Stored entries
(* Let $f,g_1,\dots,g_m,h_1,\dots,h_l\in\mathbb{R}[\mathbf{x}]$ and assume $R-\|\mathbf{x}\|_2^2\in\{g_1,\dots,g_m\}$ for some $R>0$. Then for every integer $k\ge k_{\min}$ the SOS semidefinite program $(\mathrm{SOS}_k)$ satisfies Slater's condition, i.e. there exist $\xi\in\mathbb{R}$, real symmetric positive definite matrices $\mathbf{G}_0$ (size $s(k)$), $\mathbf{G}_i$ (size $s(k-\lceil g_i\rceil)$, $i\in[m]$) and vectors $\mathbf{u}_j\in\mathbb{R}^{s(2(k-\lceil h_j\rceil))}$ satisfying its polynomial identity constraint. As a consequence, strong duality holds between $(\mathrm{SOS}_k)$ and $(\mathrm{MOM}_k)$, i.e. $\rho_k=\tau_k$, for every integer $k\ge k_{\min}$.
   Context: $\mathbf{x}=(x_1,\dots,x_n)$; $\lceil p\rceil:=\lceil\deg(p)/2\rceil$; $\mathbb{N}^n_d:=\{\alpha\in\mathbb{N}^n:|\alpha|\le d\}$; $s(d):=\binom{n+d}{n}$; $\mathbf{v}_d=(\mathbf{x}^\alpha)_{\alpha\in\mathbb{N}^n_d}$; $k_{\min}:=\max\{\lceil f\rceil,\lceil g_i\rceil,\lceil h_j\rceil\}$. $(\mathrm{SOS}_k)$: $\rho_k:=\sup\{\xi:\ \mathbf{G}_i\succeq0,\ f-\xi=\mathbf{v}_k^\top\mathbf{G}_0\mathbf{v}_k+\sum_{i\in[m]}g_i\mathbf{v}_{k-\lceil g_i\rceil}^\top\mathbf{G}_i\mathbf{v}_{k-\lceil g_i\rceil}+\sum_{j\in[l]}h_j\mathbf{v}_{2(k-\lceil h_j\rceil)}^\top\mathbf{u}_j\}$, the supremum over $\xi\in\mathbb{R}$, symmetric $\mathbf{G}_0$ of size $s(k)$, $\mathbf{G}_i$ of size $s(k-\lceil g_i\rceil)$, and $\mathbf{u}_j\in\mathbb{R}^{s(2(k-\lceil h_j\rceil))}$, the equality being an identity of polynomials. $(\mathrm{MOM}_k)$: $\tau_k:=\inf\{L_{\mathbf{y}}(f):\ \mathbf{y}\in\mathbb{R}^{s(2k)},\ \mathbf{M}_k(\mathbf{y})\succeq0,\ y_{\mathbf{0}}=1,\ \mathbf{M}_{k-\lceil g_i\rceil}(g_i\mathbf{y})\succeq0\ (i\in[m]),\ \mathbf{M}_{k-\lceil h_j\rceil}(h_j\mathbf{y})=0\ (j\in[l])\}$, where $\mathbf{y}=(y_\alpha)_{\alpha\in\mathbb{N}^n_{2k}}$, $L_{\mathbf{y}}(\sum_\alpha p_\alpha\mathbf{x}^\alpha)=\sum_\alpha p_\alpha y_\alpha$, $\mathbf{M}_d(\mathbf{y})=(y_{\alpha+\beta})_{\alpha,\beta\in\mathbb{N}^n_d}$, $\mathbf{M}_d(q\mathbf{y})=(\sum_\gamma q_\gamma y_{\alpha+\beta+\gamma})_{\alpha,\beta\in\mathbb{N}^n_d}$. *)

theory Defs
  imports "HOL-Library.Poly_Mapping" "HOL-Library.Extended_Real"
begin

(* Multivariate real polynomials: a monomial x^alpha is an exponent vector
   alpha :: nat =>0 nat (variable index => exponent), and a polynomial is a
   finitely supported map from monomials to real coefficients; multiplication
   is the convolution product of Poly_Mapping. *)
type_synonym monom = "nat \<Rightarrow>\<^sub>0 nat"
type_synonym mpoly = "monom \<Rightarrow>\<^sub>0 real"

definition mdeg :: "monom \<Rightarrow> nat" where
  "mdeg \<alpha> = (\<Sum>i\<in>Poly_Mapping.keys \<alpha>. Poly_Mapping.lookup \<alpha> i)"

(* total degree (degree of zero polynomial = 0) *)
definition pdeg :: "mpoly \<Rightarrow> nat" where
  "pdeg p = Max (insert 0 (mdeg ` Poly_Mapping.keys p))"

◆ Problem to solve: An exact copy of every record is what the answer must contain.

◆ Task solution:
(* Let $f,g_1,\dots,g_m,h_1,\dots,h_l\in\mathbb{R}[\mathbf{x}]$ and assume $R-\|\mathbf{x}\|_2^2\in\{g_1,\dots,g_m\}$ for some $R>0$. Then for every integer $k\ge k_{\min}$ the SOS semidefinite program $(\mathrm{SOS}_k)$ satisfies Slater's condition, i.e. there exist $\xi\in\mathbb{R}$, real symmetric positive definite matrices $\mathbf{G}_0$ (size $s(k)$), $\mathbf{G}_i$ (size $s(k-\lceil g_i\rceil)$, $i\in[m]$) and vectors $\mathbf{u}_j\in\mathbb{R}^{s(2(k-\lceil h_j\rceil))}$ satisfying its polynomial identity constraint. As a consequence, strong duality holds between $(\mathrm{SOS}_k)$ and $(\mathrm{MOM}_k)$, i.e. $\rho_k=\tau_k$, for every integer $k\ge k_{\min}$.
   Context: $\mathbf{x}=(x_1,\dots,x_n)$; $\lceil p\rceil:=\lceil\deg(p)/2\rceil$; $\mathbb{N}^n_d:=\{\alpha\in\mathbb{N}^n:|\alpha|\le d\}$; $s(d):=\binom{n+d}{n}$; $\mathbf{v}_d=(\mathbf{x}^\alpha)_{\alpha\in\mathbb{N}^n_d}$; $k_{\min}:=\max\{\lceil f\rceil,\lceil g_i\rceil,\lceil h_j\rceil\}$. $(\mathrm{SOS}_k)$: $\rho_k:=\sup\{\xi:\ \mathbf{G}_i\succeq0,\ f-\xi=\mathbf{v}_k^\top\mathbf{G}_0\mathbf{v}_k+\sum_{i\in[m]}g_i\mathbf{v}_{k-\lceil g_i\rceil}^\top\mathbf{G}_i\mathbf{v}_{k-\lceil g_i\rceil}+\sum_{j\in[l]}h_j\mathbf{v}_{2(k-\lceil h_j\rceil)}^\top\mathbf{u}_j\}$, the supremum over $\xi\in\mathbb{R}$, symmetric $\mathbf{G}_0$ of size $s(k)$, $\mathbf{G}_i$ of size $s(k-\lceil g_i\rceil)$, and $\mathbf{u}_j\in\mathbb{R}^{s(2(k-\lceil h_j\rceil))}$, the equality being an identity of polynomials. $(\mathrm{MOM}_k)$: $\tau_k:=\inf\{L_{\mathbf{y}}(f):\ \mathbf{y}\in\mathbb{R}^{s(2k)},\ \mathbf{M}_k(\mathbf{y})\succeq0,\ y_{\mathbf{0}}=1,\ \mathbf{M}_{k-\lceil g_i\rceil}(g_i\mathbf{y})\succeq0\ (i\in[m]),\ \mathbf{M}_{k-\lceil h_j\rceil}(h_j\mathbf{y})=0\ (j\in[l])\}$, where $\mathbf{y}=(y_\alpha)_{\alpha\in\mathbb{N}^n_{2k}}$, $L_{\mathbf{y}}(\sum_\alpha p_\alpha\mathbf{x}^\alpha)=\sum_\alpha p_\alpha y_\alpha$, $\mathbf{M}_d(\mathbf{y})=(y_{\alpha+\beta})_{\alpha,\beta\in\mathbb{N}^n_d}$, $\mathbf{M}_d(q\mathbf{y})=(\sum_\gamma q_\gamma y_{\alpha+\beta+\gamma})_{\alpha,\beta\in\mathbb{N}^n_d}$. *)

theory Defs
  imports "HOL-Library.Poly_Mapping" "HOL-Library.Extended_Real"
begin

(* Multivariate real polynomials: a monomial x^alpha is an exponent vector
   alpha :: nat =>0 nat (variable index => exponent), and a polynomial is a
   finitely supported map from monomials to real coefficients; multiplication
   is the convolution product of Poly_Mapping. *)
type_synonym monom = "nat \<Rightarrow>\<^sub>0 nat"
type_synonym mpoly = "monom \<Rightarrow>\<^sub>0 real"

definition mdeg :: "monom \<Rightarrow> nat" where
  "mdeg \<alpha> = (\<Sum>i\<in>Poly_Mapping.keys \<alpha>. Poly_Mapping.lookup \<alpha> i)"

(* total degree (degree of zero polynomial = 0) *)
definition pdeg :: "mpoly \<Rightarrow> nat" where
  "pdeg p = Max (insert 0 (mdeg ` Poly_Mapping.keys p))"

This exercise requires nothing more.